lemma openin_OTW_top_cyl_eventually:
  assumes "openin (OTW_top A) U" "x \<in> U"
  shows "cyl_eventually A x (\<lambda>y. y \<in> U)"
proof -
  obtain T where T: "generate_topology_on (gcyls A) T" "U = T \<inter> OTW A"
    using assms(1)
    unfolding OTW_top_def openin_subtopology openin_topology_generated_by_iff by blast
  then have "cyl_eventually A x (\<lambda>y. y \<in> T)"
    using generate_topology_on_cyl_eventually assms(2) by blast
  then show ?thesis by (rule cyl_eventually_mono) (simp add: T(2))
qed

lemma openin_OTW_top_gcyls: "G \<in> gcyls A \<Longrightarrow> openin (OTW_top A) G"
  unfolding OTW_top_def openin_subtopology openin_topology_generated_by_iff
  using Union_gcyls by (blast intro: generate_topology_on.Basis)

lemma openin_subtopology_OTW_iff:
  assumes "\<Lambda> \<subseteq> OTW A"
  shows "openin (subtopology (OTW_top A) \<Lambda>) P \<longleftrightarrow>
           P \<subseteq> \<Lambda> \<and> (\<forall>x\<in>P. cyl_eventually A x (\<lambda>y. y \<in> \<Lambda> \<longrightarrow> y \<in> P))"
proof
  assume "openin (subtopology (OTW_top A) \<Lambda>) P"
  then obtain T where T: "openin (OTW_top A) T" "P = T \<inter> \<Lambda>"
    unfolding openin_subtopology by blast
  have "cyl_eventually A x (\<lambda>y. y \<in> \<Lambda> \<longrightarrow> y \<in> P)" if "x \<in> P" for x
  proof -
    have "cyl_eventually A x (\<lambda>y. y \<in> T)"
      using T that by (blast intro: openin_OTW_top_cyl_eventually)
    then show ?thesis by (rule cyl_eventually_mono) (simp add: T(2))
  qed
  with T(2) show "P \<subseteq> \<Lambda> \<and> (\<forall>x\<in>P. cyl_eventually A x (\<lambda>y. y \<in> \<Lambda> \<longrightarrow> y \<in> P))" by blast
next
  assume P: "P \<subseteq> \<Lambda> \<and> (\<forall>x\<in>P. cyl_eventually A x (\<lambda>y. y \<in> \<Lambda> \<longrightarrow> y \<in> P))"
  define \<U> where "\<U> = {G \<in> gcyls A. G \<inter> \<Lambda> \<subseteq> P}"
  have "openin (OTW_top A) (\<Union>\<U>)"
    by (rule openin_Union) (simp add: \<U>_def openin_OTW_top_gcyls)
  moreover have "P = \<Union>\<U> \<inter> \<Lambda>"
  proof
    show "P \<subseteq> \<Union>\<U> \<inter> \<Lambda>"
    proof
      fix x assume "x \<in> P"
      with P obtain G where "G \<in> gcyls A" "x \<in> G" "\<forall>y\<in>G. y \<in> \<Lambda> \<longrightarrow> y \<in> P"
        unfolding cyl_eventually_def by blast
      with \<open>x \<in> P\<close> P show "x \<in> \<Union>\<U> \<inter> \<Lambda>" unfolding \<U>_def by blast
    qed
  qed (auto simp: \<U>_def)
  ultimately show "openin (subtopology (OTW_top A) \<Lambda>) P"
    unfolding openin_subtopology by blast
qed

* * * * * * * * *

* **WHAT YOU WILL DO**:
Give back the entire listing verbatim.

* **ANSWER BOX**:
lemma openin_OTW_top_cyl_eventually:
  assumes "openin (OTW_top A) U" "x \<in> U"
  shows "cyl_eventually A x (\<lambda>y. y \<in> U)"
proof -
  obtain T where T: "generate_topology_on (gcyls A) T" "U = T \<inter> OTW A"
    using assms(1)
    unfolding OTW_top_def openin_subtopology openin_topology_generated_by_iff by blast
  then have "cyl_eventually A x (\<lambda>y. y \<in> T)"
    using generate_topology_on_cyl_eventually assms(2) by blast
  then show ?thesis by (rule cyl_eventually_mono) (simp add: T(2))
qed

lemma openin_OTW_top_gcyls: "G \<in> gcyls A \<Longrightarrow> openin (OTW_top A) G"
  unfolding OTW_top_def openin_subtopology openin_topology_generated_by_iff
  using Union_gcyls by (blast intro: generate_topology_on.Basis)

lemma openin_subtopology_OTW_iff:
  assumes "\<Lambda> \<subseteq> OTW A"
  shows "openin (subtopology (OTW_top A) \<Lambda>) P \<longleftrightarrow>
           P \<subseteq> \<Lambda> \<and> (\<forall>x\<in>P. cyl_eventually A x (\<lambda>y. y \<in> \<Lambda> \<longrightarrow> y \<in> P))"
proof
  assume "openin (subtopology (OTW_top A) \<Lambda>) P"
  then obtain T where T: "openin (OTW_top A) T" "P = T \<inter> \<Lambda>"
    unfolding openin_subtopology by blast
  have "cyl_eventually A x (\<lambda>y. y \<in> \<Lambda> \<longrightarrow> y \<in> P)" if "x \<in> P" for x
  proof -
    have "cyl_eventually A x (\<lambda>y. y \<in> T)"
      using T that by (blast intro: openin_OTW_top_cyl_eventually)
    then show ?thesis by (rule cyl_eventually_mono) (simp add: T(2))
  qed
  with T(2) show "P \<subseteq> \<Lambda> \<and> (\<forall>x\<in>P. cyl_eventually A x (\<lambda>y. y \<in> \<Lambda> \<longrightarrow> y \<in> P))" by blast
next
  assume P: "P \<subseteq> \<Lambda> \<and> (\<forall>x\<in>P. cyl_eventually A x (\<lambda>y. y \<in> \<Lambda> \<longrightarrow> y \<in> P))"
  define \<U> where "\<U> = {G \<in> gcyls A. G \<inter> \<Lambda> \<subseteq> P}"
  have "openin (OTW_top A) (\<Union>\<U>)"
    by (rule openin_Union) (simp add: \<U>_def openin_OTW_top_gcyls)
  moreover have "P = \<Union>\<U> \<inter> \<Lambda>"
  proof
    show "P \<subseteq> \<Union>\<U> \<inter> \<Lambda>"
    proof
      fix x assume "x \<in> P"
      with P obtain G where "G \<in> gcyls A" "x \<in> G" "\<forall>y\<in>G. y \<in> \<Lambda> \<longrightarrow> y \<in> P"
        unfolding cyl_eventually_def by blast
      with \<open>x \<in> P\<close> P show "x \<in> \<Union>\<U> \<inter> \<Lambda>" unfolding \<U>_def by blast
    qed
  qed (auto simp: \<U>_def)
  ultimately show "openin (subtopology (OTW_top A) \<Lambda>) P"
    unfolding openin_subtopology by blast
qed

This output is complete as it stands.